К мыслям о поэзии и ее назначении в жизни предрасполагала нашего писателя, как мы уже заметили, и литераторская среда, в которой он вращался. Что в кабинете Пушкина и Жуковского и их друзей речь неоднократно заходила о поэте, о том, кто он и зачем он в мире, – это более чем вероятно; Пушкина эта тема мучила всю жизнь, да и Жуковский много над ней думал. В их творчестве вопрос о призвании поэта был центральным, к которому постоянно возвращалась дума художника, и в стихотворениях того и другого поэта можно проследить по годам, как нарастал этот вопрос и какие разнообразные получал решения. Вся умственная атмосфера кружка Пушкина была насыщена мыслью об искусстве, понимаемом и как откровение, и как наслаждение, и, наконец, как «дело». Гоголь не мог остаться безучастным к этим разговорам, которые в нем самом будили старые настойчивые думы. И если его собеседники, не решая вопроса о призвании поэта в мире по существу, умели в сильных или трогательных стихах говорить о нем, то он умел этими стихами наслаждаться и черпал в них силу безотчетного восторга. Поэзия Пушкина и Жуковского учила Гоголя благоговению перед художником, подымала его лирическое настроение на большую высоту и в известной степени разобщала его с окружающей действительностью и с переживаемой минутой. Он, призванный стать бытописателем этой действительности и этой минуты, страдал немало от такого пафоса сердца, какой в нем всегда возбуждало искусство, но в этом же пафосе находил он и свою силу, как мы могли это видеть по его восторженным речам о «Борисе» Пушкина, «О скульптуре и живописи» и по его обращению к своему гению. И чем величественнее рисовался Гоголю поэт и его художническая миссия, тем труднее ему должна была казаться его собственная задача, и тем ощутительнее было для него противоречие поэзии в мечтах и прозы в жизни, а также возможный контраст между добром, которое заключено в искусстве, и злом, которое иногда из того же искусства может родиться.
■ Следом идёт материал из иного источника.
(* Let $G$ be a finite abelian group and $k$ a positive integer such that: (1) $|G| = k^2$ and $\exp(G)$ divides $k$; (2) $N \le G$ with $|N| = k$; (3) the product of all elements of $N$ is $1$; (4) the product of all elements of the quotient group $G/N$ is the identity coset $N$. Then for any listing $N = [n_1, \ldots, n_k]$ there is a complete set of left coset representatives $T = [t_1,\dots,t_k]$ of $N$ in $G$ such that the table of $G$ based on $N$ and $T$ is a pandiagonal magic Cayley-sudoku table.
   Context: All groups are finite and written multiplicatively with identity $1$; $\exp(G)$ is the exponent of $G$. A Cayley table of $G$ is a square array whose rows are labeled by a listing of all elements of $G$ and columns by a listing of all elements of $G$, the entry in row labeled $r$ and column labeled $c$ being $rc$; its body is the array of entries. A Cayley-sudoku table of $G$ is a Cayley table of $G$ whose body is partitioned into uniformly sized rectangular blocks (each block formed by a set of consecutive rows and consecutive columns) such that each element of $G$ appears exactly once in each block. In a $k\times k$ array, a broken diagonal is the list of entries in positions $(\ell, \ell + j)$, $\ell = 1, \ldots, k$, for fixed $j \in \{1, \ldots, k\}$, and a broken antidiagonal is the list of entries in positions $(\ell, j-\ell)$, $\ell=1,\dots,k$, for fixed $j$, indices mod $k$ with representatives in $\{1,\dots,k\}$. Row products are taken left to right; column, broken diagonal and broken antidiagonal products top to bottom. A Cayley-sudoku table is pandiagonal magic if its blocks are square and every row, column, broken diagonal and broken antidiagonal product of each block equals $1$. Given $N = [n_1, \ldots, n_k]$ and a complete set of left coset representatives $T = [t_1, \ldots, t_k]$ of $N$ in $G$, the table of $G$ based on $N$ and $T$ is the Cayley table of $G$ whose rows, top to bottom, are labeled $t_1 n_1, \ldots, t_k n_1, t_1 n_2, \ldots, t_k n_2, \ldots, t_1 n_k, \ldots, t_k n_k$ and whose columns, left to right, are labeled $n_1 t_1, \ldots, n_k t_1, n_1 t_2, \ldots, n_k t_2, \ldots, n_1 t_k, \ldots, n_k t_k$, with body partitioned into the $k^2$ blocks of size $k\times k$ given by rows $\{t_1 n_m,\dots,t_k n_m\}$ and columns $\{n_1 t_i,\dots,n_k t_i\}$, $1\le m,i\le k$. *)

theory Defs
  imports "HOL-Algebra.Algebra" "HOL-Algebra.Left_Coset"
begin

definition grp_exp :: "('a, 'b) monoid_scheme \<Rightarrow> nat" where
  "grp_exp G = Lcm (group.ord G ` carrier G)"

definition listing_of :: "'a list \<Rightarrow> 'a set \<Rightarrow> bool" where
  "listing_of xs A \<longleftrightarrow> distinct xs \<and> set xs = A"

definition left_coset_reps :: "('a, 'b) monoid_scheme \<Rightarrow> 'a set \<Rightarrow> 'a list \<Rightarrow> bool" where
  "left_coset_reps G H ts \<longleftrightarrow> set ts \<subseteq> carrier G \<and>
     bij_betw (\<lambda>i. ts ! i <#\<^bsub>G\<^esub> H) {0..<length ts} (lcosets\<^bsub>G\<^esub> H)"

text \<open>A Cayley table given by row labels rl and column labels cl (0-based indices
  below K), each a listing of the carrier; entry (r,c) is rl r * cl c.\<close>
definition cayley_table :: "('a, 'b) monoid_scheme \<Rightarrow> (nat \<Rightarrow> 'a) \<Rightarrow> (nat \<Rightarrow> 'a) \<Rightarrow> nat \<Rightarrow> bool" where
  "cayley_table G rl cl K \<longleftrightarrow> K = card (carrier G) \<and>
     bij_betw rl {0..<K} (carrier G) \<and> bij_betw cl {0..<K} (carrier G)"

definition block_entry :: "('a, 'b) monoid_scheme \<Rightarrow> (nat \<Rightarrow> 'a) \<Rightarrow> (nat \<Rightarrow> 'a) \<Rightarrow> nat \<Rightarrow> nat \<Rightarrow> nat \<Rightarrow> nat \<Rightarrow> nat \<Rightarrow> nat \<Rightarrow> 'a" where
  "block_entry G rl cl p q a b x y = rl (a * p + x) \<otimes>\<^bsub>G\<^esub> cl (b * q + y)"

definition cayley_sudoku :: "('a, 'b) monoid_scheme \<Rightarrow> (nat \<Rightarrow> 'a) \<Rightarrow> (nat \<Rightarrow> 'a) \<Rightarrow> nat \<Rightarrow> nat \<Rightarrow> nat \<Rightarrow> bool" where
  "cayley_sudoku G rl cl K p q \<longleftrightarrow> cayley_table G rl cl K \<and> 0 < p \<and> 0 < q \<and>
     p dvd K \<and> q dvd K \<and>
     (\<forall>a < K div p. \<forall>b < K div q.
        bij_betw (\<lambda>(x, y). block_entry G rl cl p q a b x y) ({0..<p} \<times> {0..<q}) (carrier G))"

text \<open>Pandiagonal magic: square blocks (p = q) and every row, column, broken diagonal
  and broken antidiagonal product of each block equals 1 (abelian setting, so the
  order of multiplication is immaterial; finprod is used).\<close>
definition pandiagonal_magic :: "('a, 'b) monoid_scheme \<Rightarrow> (nat \<Rightarrow> 'a) \<Rightarrow> (nat \<Rightarrow> 'a) \<Rightarrow> nat \<Rightarrow> nat \<Rightarrow> bool" where
  "pandiagonal_magic G rl cl K p \<longleftrightarrow> cayley_sudoku G rl cl K p p \<and>
     (\<forall>a < K div p. \<forall>b < K div p.
        (\<forall>x < p. finprod G (\<lambda>y. block_entry G rl cl p p a b x y) {0..<p} = \<one>\<^bsub>G\<^esub>) \<and>
        (\<forall>y < p. finprod G (\<lambda>x. block_entry G rl cl p p a b x y) {0..<p} = \<one>\<^bsub>G\<^esub>) \<and>
        (\<forall>j < p. finprod G (\<lambda>l. block_entry G rl cl p p a b l ((l + j) mod p)) {0..<p} = \<one>\<^bsub>G\<^esub>) \<and>
        (\<forall>j < p. finprod G (\<lambda>l. block_entry G rl cl p p a b l ((j + p - l) mod p)) {0..<p} = \<one>\<^bsub>G\<^esub>))"

definition based_row :: "('a, 'b) monoid_scheme \<Rightarrow> 'a list \<Rightarrow> 'a list \<Rightarrow> nat \<Rightarrow> 'a" where
  "based_row G ns ts r = ts ! (r mod length ts) \<otimes>\<^bsub>G\<^esub> ns ! (r div length ts)"

definition based_col :: "('a, 'b) monoid_scheme \<Rightarrow> 'a list \<Rightarrow> 'a list \<Rightarrow> nat \<Rightarrow> 'a" where
  "based_col G ns ts c = ns ! (c mod length ns) \<otimes>\<^bsub>G\<^esub> ts ! (c div length ns)"

end

theory Submission
  imports Defs
begin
Эти мысли стали со временем кошмаром Гоголя, но в те годы, о которых теперь идет речь, они были для него лишь интересной проблемой.
Кроме ближайших друзей, творчество которых заставляло Гоголя так возвышенно думать о поэте, наш художник находил поддержку своим взглядам и у многих из своих современников.
В 30-х и 40-х годах в литературе неоднократно ставился вопрос о призвании поэзии и о ее противоречии и борьбе с презренной прозой жизни. В тот романтический период нашей словесности это была тема модная и не у нас только, а также и на Западе. Французские и немецкие романтики, которых мы тогда так усердно читали, подсказывали нам различные решения этой эстетической задачи, и мы повторяли эти решения частью дословно, а иногда и с русскими вариациями. Остановимся подробнее на некоторых памятниках, в которых говорилось тогда о психическом мире поэта и его жизни на земле, ввиду их родства или совпадения с темой, которая тогда так занимала Гоголя. Мы увидим, как мысль Гоголя шла вровень с мыслью его поколения, опережая ее, однако, в художественном своем воплощении.